AIM OF THE EXERCISE:
Please show each line of the listing where "Pair" is present.

╭─ EXTRACTED RECORDS

lemma concat_riso_cong:
  assumes len: "length Ys = length Xs" and iso: "\<And>i. i < length Xs \<Longrightarrow> riso (Xs ! i) (Ys ! i)"
    and j: "j < length Xs"
  shows "riso (concat_s R Xs, (j, snd (Xs ! j))) (concat_s R Ys, (j, snd (Ys ! j)))"
proof -
  let ?n = "length Xs"
  obtain g where g: "\<And>i. i < ?n \<Longrightarrow> bij_betw (g i) (fst (fst (Xs ! i))) (fst (fst (Ys ! i)))"
    "\<And>i S. i < ?n \<Longrightarrow> snd (fst (Ys ! i)) S = map (g i) ` snd (fst (Xs ! i)) S"
    "\<And>i. i < ?n \<Longrightarrow> g i (snd (Xs ! i)) = snd (Ys ! i)"
    using iso unfolding riso_def by metis
  define f where "f = (\<lambda>(i, v). (i, g i v))"
  show ?thesis
    unfolding riso_def fst_conv snd_conv
  proof (intro exI[of _ f] conjI allI)
    have "bij_betw f (Pair i ` fst (fst (Xs ! i))) (Pair i ` fst (fst (Ys ! i)))" if "i < ?n" for i
      using g(1)[OF that] by (auto simp: bij_betw_def inj_on_def f_def image_image)
    then have "bij_betw f (\<Union>i<?n. Pair i ` fst (fst (Xs ! i))) (\<Union>i<?n. Pair i ` fst (fst (Ys ! i)))"
      by (intro bij_betw_UNION_disjoint) (auto simp: disjoint_family_on_def)
    then show "bij_betw f (fst (concat_s R Xs)) (fst (concat_s R Ys))"
      using len by (simp add: concat_vertices)
  next
    fix S
    have "map f ` map (Pair i) ` snd (fst (Xs ! i)) S = map (Pair i) ` snd (fst (Ys ! i)) S"
      if "i < ?n" for i
      using g(2)[OF that] by (simp add: image_image f_def comp_def)
    moreover have "map (\<lambda>i. (i, g i (snd (Xs ! i)))) [0..<?n] = map (\<lambda>i. (i, snd (Ys ! i))) [0..<?n]"
      using g(3) by simp
    ultimately show "snd (concat_s R Ys) S = map f ` snd (concat_s R Xs) S"
      using len by (simp add: concat_tuples image_Un image_UN f_def comp_def del: map_eq_conv)
  next
    show "f (j, snd (Xs ! j)) = (j, snd (Ys ! j))"
      using g(3)[OF j] by (simp add: f_def)
  qed
qed
lemma Phi_R_chord:
  "Phi_R T1 (chord_lambda * T1 + chord_nu) = 0"
  "Phi_R T2 (chord_lambda * T2 + chord_nu) = 0"
proof -
  have "Phi_R T1 (fps_const tate_s) = 0"
    using tate_s_on_curve unfolding tate_Phi_def T1_def by simp
  thus "Phi_R T1 (chord_lambda * T1 + chord_nu) = 0"
    by (simp only: chord_through_P1)
  have "Phi_R T2 (fps_outer tate_s) = 0"
    using arg_cong[OF tate_s_on_curve, of fps_outer] unfolding tate_Phi_def T2_def by simp
  thus "Phi_R T2 (chord_lambda * T2 + chord_nu) = 0"
    by (simp only: chord_through_P2)
qed

interpretation chord:
  tate_chord chord_deriv "cc m1" "cc m2" "cc m3" "cc m4" "cc m6" T1 T2 chord_lambda chord_nu
proof (intro tate_chord.intro tate_derivation.intro tate_chord_axioms.intro
    tate_derivation_axioms.intro derivation_chord_deriv Phi_R_chord T1_neq_T2)
  show "chord_deriv T1 = P_R T1 (chord_lambda * T1 + chord_nu)"
    unfolding P_R_chord by (simp add: chord_deriv_def T1_def)
  show "chord_deriv T2 = - P_R T2 (chord_lambda * T2 + chord_nu)"
    unfolding P_R_chord by (simp add: chord_deriv_def T2_def)
  show "P_R T1 (chord_lambda * T1 + chord_nu) \<noteq> 0" "P_R T2 (chord_lambda * T2 + chord_nu) \<noteq> 0"
    unfolding P_R_chord using P_s_nth_0 by (auto dest: arg_cong[where f = "\<lambda>G. G $ 0 $ 0"])
qed (simp_all add: chord_deriv_def)
(* Let $\mathcal C$ be the class of structures $\mathbb X=\langle X,\rho\rangle$ with $|X|=\omega$ and $\rho$ an equivalence relation on $X$ such that (C1) infinitely many $\rho$-classes are singletons, and (C2) for each $n\in\omega$ there is a $\rho$-class of size $\ge n$. Let $\mathcal C_{\mathrm{fin}}$ be the set of $\mathbb X\in\mathcal C$ all of whose classes are finite, and $\mathcal C_\omega=\mathcal C\setminus\mathcal C_{\mathrm{fin}}$. Then for all $\mathbb X,\mathbb Y\in\mathcal C$: (a) $\mathbb X\equiv_{\mathcal P}\mathbb Y$; (b) $\mathbb X\preccurlyeq_c\mathbb Y$ iff $\mathbb X\in\mathcal C_{\mathrm{fin}}$ or $\mathbb Y\in\mathcal C_\omega$; (c) $\mathbb X\sim_c\mathbb Y$ iff either both $\mathbb X,\mathbb Y\in\mathcal C_{\mathrm{fin}}$ or both $\mathbb X,\mathbb Y\in\mathcal C_\omega$.
   Context: The language has one binary relation symbol $R$. A condensation from $\langle X,\rho\rangle$ onto $\langle Y,\sigma\rangle$ is a bijection $F:X\to Y$ with $x\,\rho\,x'\Rightarrow F(x)\,\sigma\,F(x')$; $\mathbb X\preccurlyeq_c\mathbb Y$ means a condensation exists, and $\mathbb X\sim_c\mathbb Y$ means $\mathbb X\preccurlyeq_c\mathbb Y$ and $\mathbb Y\preccurlyeq_c\mathbb X$. $\mathcal P_0$ consists of all atomic formulas ($v_\alpha=v_\beta$, $R(v_\alpha,v_\beta)$) and all $\neg\,v_\alpha=v_\beta$; $\mathcal P$ is the closure of $\mathcal P_0$ under finite conjunctions, finite disjunctions, $\forall v$ and $\exists v$ (no negation). $\mathbb X\equiv_{\mathcal P}\mathbb Y$ means $\mathbb X$ and $\mathbb Y$ satisfy the same sentences of $\mathcal P$. *)

theory Defs
  imports Main "HOL-Library.Countable_Set"
begin

text \<open>Formulas of the positive fragment P: built from v_i = v_j, R(v_i,v_j), not v_i = v_j
  by binary conjunction, binary disjunction, forall and exists.\<close>
datatype pform =
    PEq nat nat
  | PRel nat nat
  | PNeq nat nat
  | PConj pform pform
  | PDisj pform pform
  | PAll nat pform
  | PEx nat pform

fun fvars :: "pform \<Rightarrow> nat set" where
  "fvars (PEq i j) = {i, j}"
| "fvars (PRel i j) = {i, j}"
| "fvars (PNeq i j) = {i, j}"
| "fvars (PConj p q) = fvars p \<union> fvars q"
| "fvars (PDisj p q) = fvars p \<union> fvars q"
| "fvars (PAll i p) = fvars p - {i}"
| "fvars (PEx i p) = fvars p - {i}"

definition psentence :: "pform \<Rightarrow> bool" where
  "psentence p \<longleftrightarrow> fvars p = {}"

fun psat :: "'a set \<Rightarrow> ('a \<times> 'a) set \<Rightarrow> (nat \<Rightarrow> 'a) \<Rightarrow> pform \<Rightarrow> bool" where
  "psat X r v (PEq i j) \<longleftrightarrow> v i = v j"
| "psat X r v (PRel i j) \<longleftrightarrow> (v i, v j) \<in> r"
| "psat X r v (PNeq i j) \<longleftrightarrow> v i \<noteq> v j"
| "psat X r v (PConj p q) \<longleftrightarrow> psat X r v p \<and> psat X r v q"
| "psat X r v (PDisj p q) \<longleftrightarrow> psat X r v p \<or> psat X r v q"
| "psat X r v (PAll i p) \<longleftrightarrow> (\<forall>a\<in>X. psat X r (v(i := a)) p)"
| "psat X r v (PEx i p) \<longleftrightarrow> (\<exists>a\<in>X. psat X r (v(i := a)) p)"

text \<open>Truth of a formula in a structure: satisfied under every assignment into the carrier
  (for sentences in a nonempty structure this is independent of the assignment).\<close>
definition pmodels :: "'a set \<Rightarrow> ('a \<times> 'a) set \<Rightarrow> pform \<Rightarrow> bool" where
  "pmodels X r p \<longleftrightarrow> (\<forall>v. (\<forall>n. v n \<in> X) \<longrightarrow> psat X r v p)"

definition P_equiv :: "'a set \<Rightarrow> ('a \<times> 'a) set \<Rightarrow> 'b set \<Rightarrow> ('b \<times> 'b) set \<Rightarrow> bool" where
  "P_equiv X r Y s \<longleftrightarrow> (\<forall>p. psentence p \<longrightarrow> (pmodels X r p \<longleftrightarrow> pmodels Y s p))"

definition condensation :: "('a \<Rightarrow> 'b) \<Rightarrow> 'a set \<Rightarrow> ('a \<times> 'a) set \<Rightarrow> 'b set \<Rightarrow> ('b \<times> 'b) set \<Rightarrow> bool" where
  "condensation F X r Y s \<longleftrightarrow> bij_betw F X Y \<and>
     (\<forall>x\<in>X. \<forall>x'\<in>X. (x, x') \<in> r \<longrightarrow> (F x, F x') \<in> s)"

definition condenses :: "'a set \<Rightarrow> ('a \<times> 'a) set \<Rightarrow> 'b set \<Rightarrow> ('b \<times> 'b) set \<Rightarrow> bool" where
  "condenses X r Y s \<longleftrightarrow> (\<exists>F. condensation F X r Y s)"

definition bi_condensable :: "'a set \<Rightarrow> ('a \<times> 'a) set \<Rightarrow> 'b set \<Rightarrow> ('b \<times> 'b) set \<Rightarrow> bool" where
  "bi_condensable X r Y s \<longleftrightarrow> condenses X r Y s \<and> condenses Y s X r"

definition in_C :: "'a set \<Rightarrow> ('a \<times> 'a) set \<Rightarrow> bool" where
  "in_C X r \<longleftrightarrow> countable X \<and> infinite X \<and> equiv X r \<and>
     infinite {c \<in> X // r. card c = 1} \<and>
     (\<forall>n::nat. \<exists>c \<in> X // r. infinite c \<or> n \<le> card c)"

definition in_C_fin :: "'a set \<Rightarrow> ('a \<times> 'a) set \<Rightarrow> bool" where
  "in_C_fin X r \<longleftrightarrow> in_C X r \<and> (\<forall>c \<in> X // r. finite c)"

definition in_C_omega :: "'a set \<Rightarrow> ('a \<times> 'a) set \<Rightarrow> bool" where
  "in_C_omega X r \<longleftrightarrow> in_C X r \<and> \<not> in_C_fin X r"

end

theory Submission
  imports Defs
begin
(* Let $\mathbb P$ be the law of a stationary simple point process on $\mathbb R^d$ with finite positive intensity $m$, and let $\gamma>0$. The following are equivalent: (i) $\mathbb E_0[\xi(\Lambda_L(z))^\gamma]<\infty$ for every $L>0$ and $z\in\mathbb R^d$; (ii) $\rho_{1+\gamma}<\infty$.
   Context: $\mathcal N$ = locally finite subsets of $\mathbb R^d$, identified with counting measures ($\xi(A)=\#(\xi\cap A)$); $\tau_x\xi=\xi-x$; stationarity: $\mathbb P(\tau_xA)=\mathbb P(A)$. Intensity $m=\mathbb E[\xi([0,1]^d)]$. $\Lambda_L(z)=z+[-L,L]^d$. $\rho_\gamma:=\mathbb E[\xi([0,1]^d)^\gamma]$. Palm distribution $\mathbb P_0(A)=\frac1m\int d\mathbb P(\xi)\sum_{x\in\xi\cap[0,1]^d}\mathbf 1_A(\tau_x\xi)$, expectation $\mathbb E_0$. *)

theory Defs
  imports "HOL-Probability.Probability"
begin

definition loc_finite_configs :: "'a::euclidean_space set set" where
  "loc_finite_configs = {\<xi>. \<forall>K. compact K \<longrightarrow> finite (\<xi> \<inter> K)}"

definition npts :: "'a set \<Rightarrow> 'a set \<Rightarrow> nat" where
  "npts \<xi> A = card (\<xi> \<inter> A)"

definition config_space :: "'a::euclidean_space set measure" where
  "config_space = sigma loc_finite_configs
     {{\<xi>\<in>loc_finite_configs. npts \<xi> B = k} | B k. B \<in> sets borel \<and> bounded B}"

definition shift :: "'a::euclidean_space \<Rightarrow> 'a set \<Rightarrow> 'a set" where
  "shift x \<xi> = (\<lambda>y. y - x) ` \<xi>"

definition unit_cube :: "'a::euclidean_space set" where
  "unit_cube = cbox 0 One"

definition Lambda_box :: "real \<Rightarrow> 'a::euclidean_space \<Rightarrow> 'a set" where
  "Lambda_box L z = cbox (z - L *\<^sub>R One) (z + L *\<^sub>R One)"

definition stationary :: "'a::euclidean_space set measure \<Rightarrow> bool" where
  "stationary P \<longleftrightarrow> (\<forall>x. \<forall>A\<in>sets P. emeasure P (shift x ` A) = emeasure P A)"
(* Suppose there is a deterministic protocol solving Byzantine Broadcast with a value set containing $[N]$, tolerating $f$ faults, in which all honest processes decide within $T$ steps, and whose message and signature complexities are at most $mc$ and $sc$ in every execution (by relabeling, such a protocol exists with any prescribed process as broadcaster). Then for every $K\in\mathbb N$ there is a deterministic solution to the $K$-round Marker Problem tolerating $f$ faults, with $T$ steps per round and with message complexity at most $mc$ and signature complexity at most $sc$ per round.
   Context: Model. There are $N$ processes $P_1,\dots,P_N$; $[N]=\{1,\dots,N\}$. Time proceeds in discrete steps $t=0,1,2,\dots$ (synchronous network). At each step every process first receives all messages sent to it at the previous step, each together with the identity of its sender, and then may send messages to any processes; the behaviour of an honest process is given by its protocol, a deterministic function of its inputs and of all messages it has received so far. Communication is authenticated: a process $P_j$ can sign a string $m$, producing $(m)_{P_j}$; every sent message is signed by its sender; no process other than $P_j$ can produce a string containing $(m)_{P_j}$ unless it copied it from a message it received, except that corrupted processes can produce signatures of any corrupted process. An $f$-adversary knows all protocols and all inputs (including future inputs), chooses at time $0$ a set of at most $f$ processes to corrupt, and makes them behave arbitrarily subject to the signature rule; the other processes are honest and follow their protocol. $\mathcal H$ denotes the set of honest processes. A protocol tolerates $f$ faults if its required properties hold against every $f$-adversary. Message complexity = number of messages sent by honest processes; signature complexity = number of signatures contained in messages sent by honest processes, counted with multiplicity (each nested signature and each repetition counts). Byzantine Broadcast with value set $\mathcal V$ (a finite set containing $0$) and broadcaster $P_1$: at time $0$, $P_1$ receives an initial value $v_1\in\mathcal V$; each honest $P_n$ decides a value $d_n\in\mathcal V$ such that (consistency) all honest processes decide the same value, (validity) if $P_1$ is honest then every honest process decides $v_1$, (termination) every honest process decides in finite time. Marker Problem ($K$ rounds of $T$ steps). Time is divided into $K$ consecutive rounds of $T$ steps. At the end of each round every honest process decides either "unmarked" or "marked, with previous marked process $d$" where $d\in[N]\cup\{\perp\}$. The marked process $M$ of round $1$ is $P_1$ if $P_1\in\mathcal H$ and $\perp$ otherwise; the marked process of round $i+1$ is the honest process that decided "marked" at the end of round $i$, or $\perp$ if there is none. At the beginning of round $i$, if $M\neq\perp$, $M$ receives an input $I_i\in[N]$ ("send the marker to $P_{I_i}$"). Required at the end of every round $i$: (consistency) at most one honest process decides it is marked; (liveness) if $M\in\mathcal H$, $I_i=n$ and $P_n\in\mathcal H$, then $P_n$ decides it is marked with previous marked process $M$; (non-impersonation) if $M=\perp$ and an honest process decides it is marked with previous marked process $d$, then $d\notin\mathcal H$. The message/signature complexity per round counts messages/signatures sent by honest processes during one round. *)

theory Defs
  imports Main
begin
(* For the games $\mathcal G$ and $\mathcal G^{\rm sm}$: (a) a GNE of $\mathcal G$ always exists; (b) a GNE of $\mathcal G^{\rm sm}$ exists provided $\mathcal P\neq\emptyset$; (c) if $\mathbf x^\star$ is a GNE of $\mathcal G$ satisfying constraint (C$_q$) for all $q=1,\dots,Q$, then $\mathbf x^\star$ is a GNE of $\mathcal G^{\rm sm}$; (d) if $\mathbf x^\star$ is a GNE of $\mathcal G^{\rm sm}$, then $\mathbf x^\star$ is a GNE of $\mathcal G$.
   Context: Fix integers $Q,J\ge1$, noise power $\sigma^2>0$, budgets $P_q>0$ ($q=1,\dots,Q$) and $P^{J}_j>0$ ($j=1,\dots,J$), and positive channel gains $H^{SD}_{qq},H^{SE}_{qe},H^{JD}_{jq},H^{JE}_{je}$. Variables: $p_q\ge0$ (power of source $q$) and $p^J_{jq}\ge0$ (power of jammer $j$ on the channel of user $q$); $\mathbf p^J_q=(p^J_{jq})_{j=1}^J$, $\mathbf x_q=(p_q,\mathbf p^J_q)$, $\mathbf x=(\mathbf x_q)_{q=1}^Q$, $\mathbf p^J_{-q}=(\mathbf p^J_r)_{r\ne q}$. Define $r_{qq}(\mathbf x_q)=\log\big(1+\frac{H^{SD}_{qq}p_q}{\sigma^2+\sum_jH^{JD}_{jq}p^J_{jq}}\big)$, $r_{qe}(\mathbf x_q)=\log\big(1+\frac{H^{SE}_{qe}p_q}{\sigma^2+\sum_jH^{JE}_{je}p^J_{jq}}\big)$, $\tilde r^s_q=r_{qq}-r_{qe}$, $r^s_q=\max(0,\tilde r^s_q)$. Constraint (C$_q$): $\sum_{j=1}^J(H^{SD}_{qq}H^{JE}_{je}-H^{SE}_{qe}H^{JD}_{jq})p^J_{jq}+(H^{SD}_{qq}-H^{SE}_{qe})\sigma^2\ge0$. $\mathcal P_q(\mathbf p^J_{-q})=\{\mathbf x_q\ge\mathbf 0: p_q\le P_q,\ \sum_{r=1}^Qp^J_{jr}\le P^J_j\ \forall j\}$ (with $p^J_{jr}$, $r\neq q$, fixed by $\mathbf p^J_{-q}$); $\mathcal P^{\rm sm}_q(\mathbf p^J_{-q})=\{\mathbf x_q\in\mathcal P_q(\mathbf p^J_{-q}):\text{(C}_q\text{) holds}\}$; $\mathcal P=\{\mathbf x\ge\mathbf 0: p_q\le P_q \text{ and (C}_q\text{) for all }q,\ \sum_{r}p^J_{jr}\le P^J_j\ \forall j\}$. Game $\mathcal G$: player $q$ maximizes $r^s_q(\mathbf x_q)$ over $\mathbf x_q\in\mathcal P_q(\mathbf p^J_{-q})$; game $\mathcal G^{\rm sm}$: player $q$ maximizes $\tilde r^s_q(\mathbf x_q)$ over $\mathcal P^{\rm sm}_q(\mathbf p^J_{-q})$. A GNE of $\mathcal G$ is $\mathbf x^\star$ such that for all $q$: $\mathbf x^\star_q\in\mathcal P_q(\mathbf p^{J\star}_{-q})$ and $r^s_q(\mathbf x^\star_q)\ge r^s_q(\mathbf x_q)$ for all $\mathbf x_q\in\mathcal P_q(\mathbf p^{J\star}_{-q})$. A GNE of $\mathcal G^{\rm sm}$ is defined analogously with $\tilde r^s_q$ and $\mathcal P^{\rm sm}_q$. *)

theory Defs
  imports Complex_Main
begin

text \<open>Users q range over 0..<nQ, jammers j over 0..<nJ
 (0-based renaming of 1..Q, 1..J). HSE q stands for H^SE_{qe}, HJE j for H^JE_{je}
 (single eavesdropper e), HSD q for H^SD_{qq}, HJD j q for H^JD_{jq}.\<close>
record params =
  nQ :: nat
  nJ :: nat
  sig2 :: real
  Pmax :: "nat \<Rightarrow> real"
  PJmax :: "nat \<Rightarrow> real"
  HSD :: "nat \<Rightarrow> real"
  HSE :: "nat \<Rightarrow> real"
  HJD :: "nat \<Rightarrow> nat \<Rightarrow> real"
  HJE :: "nat \<Rightarrow> real"

text \<open>A strategy of player q: (p_q, j \<mapsto> p^J_{jq}).
 A profile: (q \<mapsto> p_q, j q \<mapsto> p^J_{jq}).\<close>
type_synonym strat = "real \<times> (nat \<Rightarrow> real)"
type_synonym profile = "(nat \<Rightarrow> real) \<times> (nat \<Rightarrow> nat \<Rightarrow> real)"

definition strat_of :: "profile \<Rightarrow> nat \<Rightarrow> strat" where
  "strat_of x q = (fst x q, \<lambda>j. snd x j q)"

definition r_qq :: "params \<Rightarrow> nat \<Rightarrow> strat \<Rightarrow> real" where
  "r_qq s q xq = ln (1 + HSD s q * fst xq /
      (sig2 s + (\<Sum>j<nJ s. HJD s j q * snd xq j)))"

definition r_qe :: "params \<Rightarrow> nat \<Rightarrow> strat \<Rightarrow> real" where
  "r_qe s q xq = ln (1 + HSE s q * fst xq /
      (sig2 s + (\<Sum>j<nJ s. HJE s j * snd xq j)))"

definition rs_tilde :: "params \<Rightarrow> nat \<Rightarrow> strat \<Rightarrow> real" where
  "rs_tilde s q xq = r_qq s q xq - r_qe s q xq"

definition rs :: "params \<Rightarrow> nat \<Rightarrow> strat \<Rightarrow> real" where
  "rs s q xq = max 0 (rs_tilde s q xq)"

definition Cq :: "params \<Rightarrow> nat \<Rightarrow> strat \<Rightarrow> bool" where
  "Cq s q xq \<longleftrightarrow>
     (\<Sum>j<nJ s. (HSD s q * HJE s j - HSE s q * HJD s j q) * snd xq j)
       + (HSD s q - HSE s q) * sig2 s \<ge> 0"

definition Pq :: "params \<Rightarrow> nat \<Rightarrow> (nat \<Rightarrow> nat \<Rightarrow> real) \<Rightarrow> strat \<Rightarrow> bool" where
  "Pq s q pJ xq \<longleftrightarrow>
     0 \<le> fst xq \<and> fst xq \<le> Pmax s q \<and>
     (\<forall>j<nJ s. 0 \<le> snd xq j \<and>
        snd xq j + (\<Sum>r\<in>{..<nQ s} - {q}. pJ j r) \<le> PJmax s j)"

definition Pq_sm :: "params \<Rightarrow> nat \<Rightarrow> (nat \<Rightarrow> nat \<Rightarrow> real) \<Rightarrow> strat \<Rightarrow> bool" where
  "Pq_sm s q pJ xq \<longleftrightarrow> Pq s q pJ xq \<and> Cq s q xq"

definition Pset :: "params \<Rightarrow> profile set" where
  "Pset s = {x. (\<forall>q<nQ s. 0 \<le> fst x q \<and> fst x q \<le> Pmax s q \<and> Cq s q (strat_of x q)
                       \<and> (\<forall>j<nJ s. 0 \<le> snd x j q)) \<and>
               (\<forall>j<nJ s. (\<Sum>r<nQ s. snd x j r) \<le> PJmax s j)}"

definition GNE :: "params \<Rightarrow> profile \<Rightarrow> bool" where
  "GNE s x \<longleftrightarrow> (\<forall>q<nQ s. Pq s q (snd x) (strat_of x q) \<and>
      (\<forall>xq. Pq s q (snd x) xq \<longrightarrow> rs s q xq \<le> rs s q (strat_of x q)))"

definition GNE_sm :: "params \<Rightarrow> profile \<Rightarrow> bool" where
  "GNE_sm s x \<longleftrightarrow> (\<forall>q<nQ s. Pq_sm s q (snd x) (strat_of x q) \<and>
      (\<forall>xq. Pq_sm s q (snd x) xq \<longrightarrow> rs_tilde s q xq \<le> rs_tilde s q (strat_of x q)))"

╰─

ANSWER TO THE PROBLEM:
    have "bij_betw f (Pair i ` fst (fst (Xs ! i))) (Pair i ` fst (fst (Ys ! i)))" if "i < ?n" for i
    then have "bij_betw f (\<Union>i<?n. Pair i ` fst (fst (Xs ! i))) (\<Union>i<?n. Pair i ` fst (fst (Ys ! i)))"
    have "map f ` map (Pair i) ` snd (fst (Xs ! i)) S = map (Pair i) ` snd (fst (Ys ! i)) S"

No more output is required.